Targeting the intestinal stem cell niche through energy and metabolism signaling, for colorectal cancer chemoprevention using aspirin and metformin

Abstract

Colorectal cancer (CRC) although largely preventable, remains the second most common cause of cancer-related deaths in the United Kingdom. Obesity, type 2 diabetes and physical inactivity are CRC risk factors that alter metabolism. Growing evidence indicates that overnutrition increases ‘stemness’: the ability of intestinal stem cells to self-renew or differentiate. The mechanistic target of rapamycin (mTOR) pathway, a central metabolic regulator, is elevated in CRC and modulates stem cell response to nutrients. Therefore, chemopreventive agents which regulate nutrient signalling may be used to combat the increase in obesity-related CRC. Aspirin and metformin have been independently shown to decrease CRC incidence. Aspirin has been shown to have a differential protective role in obese individuals. Both drugs reduce stemness in CRC cell lines independently, however, the potential of the combination of aspirin and metformin for the chemoprevention of obesity- driven CRC remains to be explored. Hence, this thesis aims to understand whether aspirin and metformin decrease overnutrition-driven stemness in CRC, while exploring their synergistic potential and mechanism.

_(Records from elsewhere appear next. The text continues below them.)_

lemma consistent_Un:
  assumes "key_disjoint sig S T" and "consistent sig r" "r \<subseteq> S" and "consistent sig r'" "r' \<subseteq> T"
  shows "consistent sig (r \<union> r')"
  using assms unfolding consistent_def key_disjoint_def by (blast dest: key_equal_sym)

lemma repair_maximal:
  assumes "repair sig r S" and "r \<subseteq> R" and "R \<subseteq> S" and "consistent sig R"
  shows "R = r"
  using assms unfolding repair_def by blast

lemma repair_Un:
  assumes disj: "key_disjoint sig S T" and r: "repair sig r S" and r': "repair sig r' T"
  shows "repair sig (r \<union> r') (S \<union> T)"
proof -
  have sub: "r \<subseteq> S" "r' \<subseteq> T" and cons: "consistent sig r" "consistent sig r'"
    using r r' unfolding repair_def by simp_all
  have "R = r \<union> r'" if R: "r \<union> r' \<subseteq> R" "R \<subseteq> S \<union> T" "consistent sig R" for R
  proof -
    have "R \<inter> S = r"
      using R(1) sub(1) by (intro repair_maximal[OF r] consistent_subset[OF R(3)]) auto
    moreover have "R \<inter> T = r'"
      using R(1) sub(2) by (intro repair_maximal[OF r'] consistent_subset[OF R(3)]) auto
    ultimately show ?thesis
      using R(2) by blast
  qed
  then show ?thesis
    using sub consistent_Un[OF disj cons(1) sub(1) cons(2) sub(2)] unfolding repair_def by auto
qed
lemma vector_derivative_zero_imp_endpoints_eq:
  fixes f :: "real \<Rightarrow> 'a::banach"
  assumes "finite S" "continuous_on {0..1} f"
    "\<And>t. t \<in> {0<..<1} - S \<Longrightarrow> (f has_vector_derivative 0) (at t)"
  shows "f 1 = f 0"
proof (rule has_derivative_zero_unique_strong_interval[of "S \<union> {0, 1}" 0 1 f])
  fix t
  assume "t \<in> {0..1} - (S \<union> {0, 1})"
  then have "(f has_vector_derivative 0) (at t)"
    by (intro assms(3)) auto
  then have "(f has_vector_derivative 0) (at t within {0..1})"
    by (rule has_vector_derivative_at_within)
  then show "(f has_derivative (\<lambda>h. 0)) (at t within {0..1})"
    by (simp add: has_vector_derivative_def)
qed (use assms(1,2) in auto)

lemma no_slip_linepath_riccati:
  assumes "l > 0" "no_slip_at l (linepath p q) u t" "open U" "t \<in> U" "\<forall>s\<in>U. norm (u s) = 1"
  shows "(u has_vector_derivative (cnj (q - p) * (u t)\<^sup>2 - (q - p)) / of_real (2 * l)) (at t)"
proof -
  obtain g' u' where g': "(linepath p q has_vector_derivative g') (at t)"
    and u': "(u has_vector_derivative u') (at t)"
    and slip: "Im (cnj (u t) * (g' + of_real l * u')) = 0"
    using assms(2) unfolding no_slip_at_def by blast
  have "g' = q - p"
    using vector_derivative_unique_at[OF g' has_vector_derivative_linepath_within[of p q t UNIV]]
    by simp
  have "norm (u t) = 1"
    using assms(4,5) by blast
  moreover have "Re (cnj (u t) * u') = 0"
    by (rule unit_curve_derivative_orthogonal[OF assms(3,4,5) u'])
  ultimately have "u' = (cnj (q - p) * (u t)\<^sup>2 - (q - p)) / of_real (2 * l)"
    using no_slip_iff_riccati[OF assms(1)] slip \<open>g' = q - p\<close> by blast
  with u' show ?thesis
    by simp
qed

definition segment_holonomy :: "real \<Rightarrow> complex \<Rightarrow> complex^2^2" where
  "segment_holonomy l D = prytz_flow (sgn D) (norm D / (2 * l))"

In CRC cell lines, aspirin and metformin treatment reduced transcript levels of stem cell markers LGR5 and CMYC, and inhibited mTORC1 downstream target phosphorylation levels. Utilizing 3-dimentional (3D) sphere formation assays revealed that aspirin and metformin also reduced stem cell function in the HCT116 cell line. Drug combination showed a stronger effect compared to either drug alone, and synergy assays confirmed that drug combination has a synergistic effect. These effects on the stem cell niche were further validated in mouse Apcfl/fl intestinal organoids, whereby aspirin and metformin reduced clonogenicity capacity. Patient organoids from different genetic backgrounds were established: sporadic, familial adenomatous polyposis (FAP), and Peutz- Jeghers syndrome (PJS). Upon treatment with aspirin and metformin, LGR5 and CMYC transcript levels were reduced in all normal mucosa patient-derived organoids. Aspirin and metformin attenuated the effects of lipid mixture overnutrition in mouse Apcfl/fl organoids and normal mucosa patient-derived organoids. Transcriptome analysis of aspirin, metformin or combination treated HCT116 cells further demonstrated the synergistic effect and revealed potential pathways modulated by these drugs: ER stress and the spliceosome. My findings provide a novel insight for the potential role of the combination of aspirin and metformin for CRC chemoprevention, particularly in ‘at risk’ obese individuals.